Please note that the duplicates might have the same value.
You need to apply an itertools-style-groupby and then keep the rows where Y is maximal.
>>> df
idx X Y
0 0 A 3
1 1 B 2
2 2 A 7
3 3 A 10
4 4 B 1
5 5 C 4
6 6 A 3
7 7 A 5
>>> y_max = df.groupby(df['X'].ne(df['X'].shift()).cumsum())['Y'].transform('max')
>>> df[df['Y'] == y_max]
idx X Y
0 0 A 3
1 1 B 2
3 3 A 10
4 4 B 1
5 5 C 4
7 7 A 5
edit:
Initial solution had a bug and only produced the correct idx column by accident.
edit 2:
If you only want to keep one row per group, you can use
>>> y_idxmax = df.groupby(df['X'].ne(df['X'].shift()).cumsum())['Y'].idxmax()
>>> df.loc[y_idxmax]
idx X Y
0 0 A 3
1 1 B 2
3 3 A 10
4 4 B 1
5 5 C 4
7 7 A 5
Credit goes to Ch3steR for this one.
Or I'd prefer just simply only specify the groups in the groupby parameters:
df.groupby(df['X'].ne(df['X'].shift()).cumsum(), as_index=False).max()
Or:
df.groupby(df['X'].ne(df['X'].shift()).cumsum()).max().reset_index(drop=True)
Both output:
idx X Y
0 0 A 3
1 1 B 2
2 3 A 10
3 4 B 1
4 5 C 4
5 7 A 5
Create a column which heaps consecutives into one group
df['temp']=(~(df['X']==df['X'].shift())|(df['X'].shift(-1)==df['X'])).cumsum()
groupby the group of consecutives and filter out wherevalues of Y are equal to maximum in each group.
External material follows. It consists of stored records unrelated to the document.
text \<open>Operator-valued multishift: A j \<alpha> is the weight A^{(j)}_\<alpha>.
  (T_j x)_\<alpha> = A^{(j)}_{\<alpha>-\<epsilon>_j} x_{\<alpha>-\<epsilon>_j}, and 0 if \<alpha>_j = 0.\<close>

definition multishift :: "('d \<Rightarrow> ('d \<Rightarrow> nat) \<Rightarrow> 'h \<Rightarrow> 'h::zero) \<Rightarrow> 'd
    \<Rightarrow> (('d \<Rightarrow> nat) \<Rightarrow> 'h) \<Rightarrow> ('d \<Rightarrow> nat) \<Rightarrow> 'h" where
  "multishift A j x = (\<lambda>\<alpha>. if \<alpha> j = 0 then 0
       else A j (idx_sub \<alpha> (eps j)) (x (idx_sub \<alpha> (eps j))))"

definition commuting_op_multishift ::
  "(complex \<Rightarrow> 'h::ab_group_add \<Rightarrow> 'h) \<Rightarrow> ('h \<Rightarrow> 'h \<Rightarrow> complex)
   \<Rightarrow> ('d \<Rightarrow> ('d \<Rightarrow> nat) \<Rightarrow> 'h \<Rightarrow> 'h) \<Rightarrow> bool" where
  "commuting_op_multishift sc ip A \<longleftrightarrow>
     (\<forall>j \<alpha>. bounded_op sc ip (A j \<alpha>)) \<and>
     (\<forall>j. \<exists>K. \<forall>\<alpha> x. hnorm ip (A j \<alpha> x) \<le> K * hnorm ip x) \<and>
     (\<forall>i j \<alpha>. A i (idx_add \<alpha> (eps j)) \<circ> A j \<alpha> = A j (idx_add \<alpha> (eps i)) \<circ> A i \<alpha>)"

end

theory Submission
  imports Defs
begin

text \<open>Let W_\<alpha> be the product of the weights met along a monotone lattice path from 0 to \<alpha>.
  The commutation relations say exactly that W_\<alpha> does not depend on the path, so
  W_\<alpha> = A^(j)_(\<alpha>-\<epsilon>_j) W_(\<alpha>-\<epsilon>_j) whenever \<alpha>_j > 0. With unitary weights every W_\<alpha> is
  unitary, and the diagonal unitary U = \<Oplus>_\<alpha> W~_\<alpha> W_\<alpha>^* built from both families of
  weights then satisfies U T_j U^* = T~_j.\<close>

definition unitary_with_adjoint ::
  "(complex \<Rightarrow> 'h::ab_group_add \<Rightarrow> 'h) \<Rightarrow> ('h \<Rightarrow> 'h \<Rightarrow> complex) \<Rightarrow> ('h \<Rightarrow> 'h) \<Rightarrow> ('h \<Rightarrow> 'h) \<Rightarrow> bool"
where
  "unitary_with_adjoint sc ip D E \<longleftrightarrow>
     (\<forall>u v. D (u + v) = D u + D v) \<and> (\<forall>c u. D (sc c u) = sc c (D u)) \<and>
     (\<forall>u v. E (u + v) = E u + E v) \<and> (\<forall>c u. E (sc c u) = sc c (E u)) \<and>
     (\<forall>u v. ip (D u) v = ip u (E v)) \<and> (\<forall>u. D (E u) = u) \<and> (\<forall>u. E (D u) = u)"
Drop the temp column
df[df.groupby('temp')['Y'].transform(lambda x:(x==x.max()))].drop(columns=['temp'])
A neater way is not to create column but save the groups of consecutives into a variable and groupby the variable as follows
s=(~(df['X']==df['X'].shift())|(df['X'].shift(-1)==df['X'])).cumsum()
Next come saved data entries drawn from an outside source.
(* Let $\sigma$ have substitution matrix $M_\sigma=\begin{pmatrix}A&C\\0&B\end{pmatrix}$ with $A,B$ primitive, $C\neq0$ and $\rho(A)>\rho(B)>1$, and let $\Omega$ be the tiling space of the tile substitution $\mathcal G$ associated with $\sigma$. Put $\alpha=\log\rho(B)/\log\rho(A)$. Then there exists $K>0$ such that for every $\mathcal T\in\Omega$ and every $t>0$, $$N_{\mathcal T}(\mathcal B,t)\le K\,t^\alpha .$$
   Context: $\mathcal A=\{1,\dots,N\}$, $\sigma:\mathcal A\to\mathcal A^+$ a substitution; $M_\sigma$ has $(a,b)$ entry equal to the number of occurrences of $a$ in $\sigma(b)$; $\mathcal B$ is the set of letters indexing the block $B$. Let $\xi_1,\dots,\xi_N>0$ satisfy $|\sigma^k(i)|/(\xi_i\rho(A)^k)\to1$ as $k\to\infty$ (they form a left eigenvector of $M_\sigma$ for $\lambda:=\rho(A)$). Associated tile substitution: for $a\in\mathcal A$, the prototile $I_a$ is the interval of length $\xi_a$ centered at $0$, labeled $a$; for $v\in\mathcal A$ with $\sigma(v)=w_1\cdots w_m$, $\mathcal G(I_v)$ is the patch of consecutive translates of $I_{w_1},\dots,I_{w_m}$ (left to right) exactly subdividing $\lambda I_v$; $\mathcal G(I+u)=\mathcal G(I)+\lambda u$. The tiling space $\Omega$ is the set of tilings of $\mathbb R$ by translates of the $I_a$ all of whose finite subpatches are subpatches of some $\mathcal G^n(I_a)+u$. For $\mathcal T\in\Omega$ and $t>0$, $N_{\mathcal T}(\mathcal B,t)$ is the number of tiles of $\mathcal T$ that are translates of some $I_b$, $b\in\mathcal B$, and are contained in $[0,t]$. *)

theory Defs
  imports "Jordan_Normal_Form.Spectral_Radius"
begin

text \<open>Letters of the alphabet are the naturals 1..N. A substitution is a map
  sigma :: nat => nat list (nonempty words over {1..N} on the alphabet).\<close>

definition subst_word :: "(nat \<Rightarrow> nat list) \<Rightarrow> nat list \<Rightarrow> nat list" where
  "subst_word \<sigma> w = concat (map \<sigma> w)"

definition subst_iter :: "(nat \<Rightarrow> nat list) \<Rightarrow> nat \<Rightarrow> nat \<Rightarrow> nat list" where
  "subst_iter \<sigma> k a = ((subst_word \<sigma>) ^^ k) [a]"

text \<open>Block of the substitution matrix: rows indexed by letters r0+1..r0+p
  (occurring letter), columns by letters c0+1..c0+q (image letter);
  entry (a,b) = number of occurrences of a in sigma(b).\<close>
definition subst_block :: "(nat \<Rightarrow> nat list) \<Rightarrow> nat \<Rightarrow> nat \<Rightarrow> nat \<Rightarrow> nat \<Rightarrow> nat mat" where
  "subst_block \<sigma> r0 p c0 q = mat p q (\<lambda>(i,j). count_list (\<sigma> (c0 + j + 1)) (r0 + i + 1))"

definition primitive_mat :: "nat mat \<Rightarrow> bool" where
  "primitive_mat A \<longleftrightarrow> dim_row A = dim_col A \<and>
     (\<exists>k\<ge>1. \<forall>i<dim_row A. \<forall>j<dim_col A. (A ^\<^sub>m k) $$ (i,j) > 0)"

definition rho :: "nat mat \<Rightarrow> real" where
  "rho A = spectral_radius (map_mat of_nat A)"

text \<open>A tile is a pair (a, u): the prototile I_a (interval of length xi a
  centred at 0, labelled a) translated by u.\<close>
type_synonym tile = "nat \<times> real"

definition tile_set :: "(nat \<Rightarrow> real) \<Rightarrow> tile \<Rightarrow> real set" where
  "tile_set \<xi> t = {snd t - \<xi> (fst t) / 2 .. snd t + \<xi> (fst t) / 2}"

definition tile_interior :: "(nat \<Rightarrow> real) \<Rightarrow> tile \<Rightarrow> real set" where
  "tile_interior \<xi> t = {snd t - \<xi> (fst t) / 2 <..< snd t + \<xi> (fst t) / 2}"

definition translate_patch :: "real \<Rightarrow> tile set \<Rightarrow> tile set" where
  "translate_patch u P = (\<lambda>(a, x). (a, x + u)) ` P"

text \<open>G(I_v + u): consecutive translates of I_{w_1},...,I_{w_m} (w = sigma v),
  left to right, starting at the left endpoint of lambda (I_v + u).\<close>
definition tile_subst :: "(nat \<Rightarrow> nat list) \<Rightarrow> (nat \<Rightarrow> real) \<Rightarrow> real \<Rightarrow> tile \<Rightarrow> tile set" where
  "tile_subst \<sigma> \<xi> lam t =
     (let v = fst t; u = snd t; w = \<sigma> v in
      {(w ! j, lam * u - lam * \<xi> v / 2 + (\<Sum>i<j. \<xi> (w ! i)) + \<xi> (w ! j) / 2) | j. j < length w})"

definition patch_subst :: "(nat \<Rightarrow> nat list) \<Rightarrow> (nat \<Rightarrow> real) \<Rightarrow> real \<Rightarrow> tile set \<Rightarrow> tile set" where
  "patch_subst \<sigma> \<xi> lam P = (\<Union>t\<in>P. tile_subst \<sigma> \<xi> lam t)"

definition is_tiling :: "nat \<Rightarrow> (nat \<Rightarrow> real) \<Rightarrow> tile set \<Rightarrow> bool" where
  "is_tiling N \<xi> T \<longleftrightarrow>
     (\<forall>t\<in>T. fst t \<in> {1..N}) \<and>
     (\<forall>x::real. \<exists>t\<in>T. x \<in> tile_set \<xi> t) \<and>
     (\<forall>t1\<in>T. \<forall>t2\<in>T. t1 \<noteq> t2 \<longrightarrow> tile_interior \<xi> t1 \<inter> tile_interior \<xi> t2 = {})"

definition tiling_space :: "nat \<Rightarrow> (nat \<Rightarrow> nat list) \<Rightarrow> (nat \<Rightarrow> real) \<Rightarrow> real \<Rightarrow> tile set set" where
  "tiling_space N \<sigma> \<xi> lam =
     {T. is_tiling N \<xi> T \<and>
         (\<forall>P. P \<subseteq> T \<and> finite P \<longrightarrow>
            (\<exists>n a u. a \<in> {1..N} \<and> P \<subseteq> translate_patch u ((patch_subst \<sigma> \<xi> lam ^^ n) {(a, 0)})))}"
print(df[df.groupby(s)['Y'].transform(lambda x:(x==x.max()))])
idx X Y
0 0 A 3
1 1 B 2
3 3 A 10
4 4 B 1
5 5 C 4
7 7 A 5
I couldn't figure out the already given answers right away, so I wrote a simple script to do the same. It takes the indices that have duplicate values and drop them by comparing two at a time.
Check the code below -
import pandas as pd
data = {'X':['A', 'B', 'A', 'A', 'A', 'B', 'C', 'A', 'A'],
'Y': [3, 2, 12, 7, 10, 1, 4, 3, 5]}
data = pd.DataFrame(data)
mask = data['X'] == data['X'].shift()
to_check = data.loc[mask].index.tolist()
for i, _ in enumerate(to_check):
index = to_check[i]
if data.iloc[index]['Y'] > data.iloc[index - 1]['Y']:
data.drop(index - 1, axis=0, inplace=True)
data.reset_index(inplace=True, drop=True)
else:
data.drop(index, axis=0, inplace=True)
data.reset_index(inplace=True, drop=True)
to_check = [value - 1 for value in to_check]
print(data)
# OUTPUT
X Y
0 A 3
1 B 2
2 A 12
3 B 1
4 C 4
5 A 5